Хотя поначалу неясно, чего бояться. Снов? Природы? А в ней что страшного? Почему Триер наводит камеру на стебли невинных васильков в вазе, укрупняя их до размеров мрачной лесной чащи и сопровождая эту панораму многозначительно-угрожающим скрежетом? Жена заявляет, что земля горит под ногами, демонстрируя красные ступни – то ли натертые, то ли, в самом деле, обожженные, но муж этого не чувствует. Она рассказывает, как минувшим летом слышала в лесу навязчивый плач неизвестного ребенка – но что мешает принять рассказ за тривиальный женский невроз? Лес шумит, деревья скрипят, желуди падают с ветвей вековых дубов: “Природа – церковь Сатаны”, заявляет жена. Муж пожимает плечами с ухмылкой: что за бред! Чтобы погасить высокомерие, придется жахнуть его поленом между ног, оглушить до потери сознания – оно, сознание, и мешает понять, что речь идет не о природе снаружи, а о природе внутри. “Антихрист” – путеводитель по ВНУТРЕННЕЙ ИМПЕРИИ. Природа непобедима. Зов плоти заставляет забыть о разуме, о любви, о нежности, о семье. Ребенок погиб не по недосмотру: жена видела, как он залезал на подоконник, и это лишь обострило наслаждение. Он убран со сцены, как единственное оправдание основного инстинкта, известное цивилизации, – деторождение, продолжение рода, создание ячейки общества. Инстинкты обходятся без причин. Их питает природа. Единственный способ их обуздать – физическое же насилие. Триер калечит именно половые органы героев не для того, чтобы скандализировать публику: похоть усмиряется оскоплением, никак иначе.

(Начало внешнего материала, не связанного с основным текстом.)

definition theta_step ::
  "nat \<Rightarrow> (nat \<Rightarrow> real^'l^'d) \<Rightarrow> (nat \<Rightarrow> real) \<Rightarrow> real^'k^'d \<Rightarrow> real^'k^'d \<Rightarrow> 'k \<Rightarrow> real \<Rightarrow> real" where
  "theta_step T X t H Y j \<theta> =
     (let num = (\<Sum>i<T. fprime (r_ij H Y (X i) j) (phi_ij H Y (X i) j) (t i) \<theta>);
          den = (\<Sum>i<T. curv (r_ij H Y (X i) j) (phi_ij H Y (X i) j) (t i) \<theta>)
      in if den = 0 then \<theta> else \<theta> - num / den)"

definition theta_update ::
  "nat \<Rightarrow> nat \<Rightarrow> (nat \<Rightarrow> real^'l^'d) \<Rightarrow> (nat \<Rightarrow> real) \<Rightarrow> real^'k^'d \<Rightarrow> real^'k^'d \<Rightarrow> real^'k \<Rightarrow> real^'k" where
  "theta_update M T X t H Y \<theta> = (\<chi> j. (theta_step T X t H Y j ^^ M) (\<theta>$j))"

text \<open>One outer iteration n-1 -> n of Geodesic Subspace Estimation (the thin SVD is any
  thin SVD of M).\<close>
definition gse_step ::
  "nat \<Rightarrow> nat \<Rightarrow> (nat \<Rightarrow> real^'l^'d) \<Rightarrow> (nat \<Rightarrow> real) \<Rightarrow>
   real^'k^'d \<Rightarrow> real^'k^'d \<Rightarrow> real^'k \<Rightarrow> real^'k^'d \<Rightarrow> real^'k^'d \<Rightarrow> real^'k \<Rightarrow> bool" where
  "gse_step M T X t H0 Y0 \<theta>0 H1 Y1 \<theta>1 \<longleftrightarrow>
     (\<exists>W S V. thin_svd (gse_M T X t H0 Y0 \<theta>0) W S V \<and>
              hcat H1 Y1 = W ** transpose V) \<and>
     \<theta>1 = theta_update M T X t H1 Y1 \<theta>0"

end

theory Submission
  imports Defs
begin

Кроме Тарковского, Триер поминал всуе Бергмана и Стриндберга – дескать, “Антихрист” это “Сцены из семейной жизни”, пересказанные в манере “Пляски смерти”; в продолжение скандинавской темы возникал в обсуждении фильма и “Крик” Мунка. Хотя живописная техника Мунка занимает Триера куда меньше, чем звучание немого вопля с картины. Того самого – необъяснимого, то жалобного, то глумливого плача, что разносится над лесом. В “Антихристе” режиссер забирается в недра коллективного бессознательного, хирургическим методом удаляя излишние наслоения, одно за другим. Начинает с современной культуры отношений, равенства полов и главенства здравого смысла – который не мешает героине биться до беспамятства головой об унитаз после смерти сына. Затем из XX века прыгает в XIX – природа, романтизм, ни тебе электричества, ни телефона; чистые братья Гримм (называл Триер “Антихриста” и “сказкой детям до 18-ти”). Именно романтики первыми уравняли сексуальное влечение и любовь, так четко разделенные эпохой Просвещения. Но Триер копает глубже, он вспоминает барокко, в котором похоть была нераздельно связана с искушением и грехом. Недаром за кадром звучит слезная ария из “Ринальдо” Генделя, сюжет которой– соблазнение целомудренных рыцарей христианского воинства волшебницей-колдуньей. А оттуда недалеко до средневекового “Молота ведьм”, в котором женщина прямо провозглашалась сосудом порока и орудием диавола. Таких только на костре жечь… что и делает со своей женой цивилизованный психотерапевт в финале “Антихриста”, приняв причастие церкви Сатаны. Но и задолго до того ясно, к чему дело идет. Путешествие в Эдем – не что иное, как обратная эволюция. Сначала на поезде и машине, потом пешком через лес – к домику без водопровода, электричества и телефона. А на чердаке по стенам развешаны средневековые гравюры, на которых бесконечно пытают женщин. Среди них – невиданный рогатый идол с женской грудью.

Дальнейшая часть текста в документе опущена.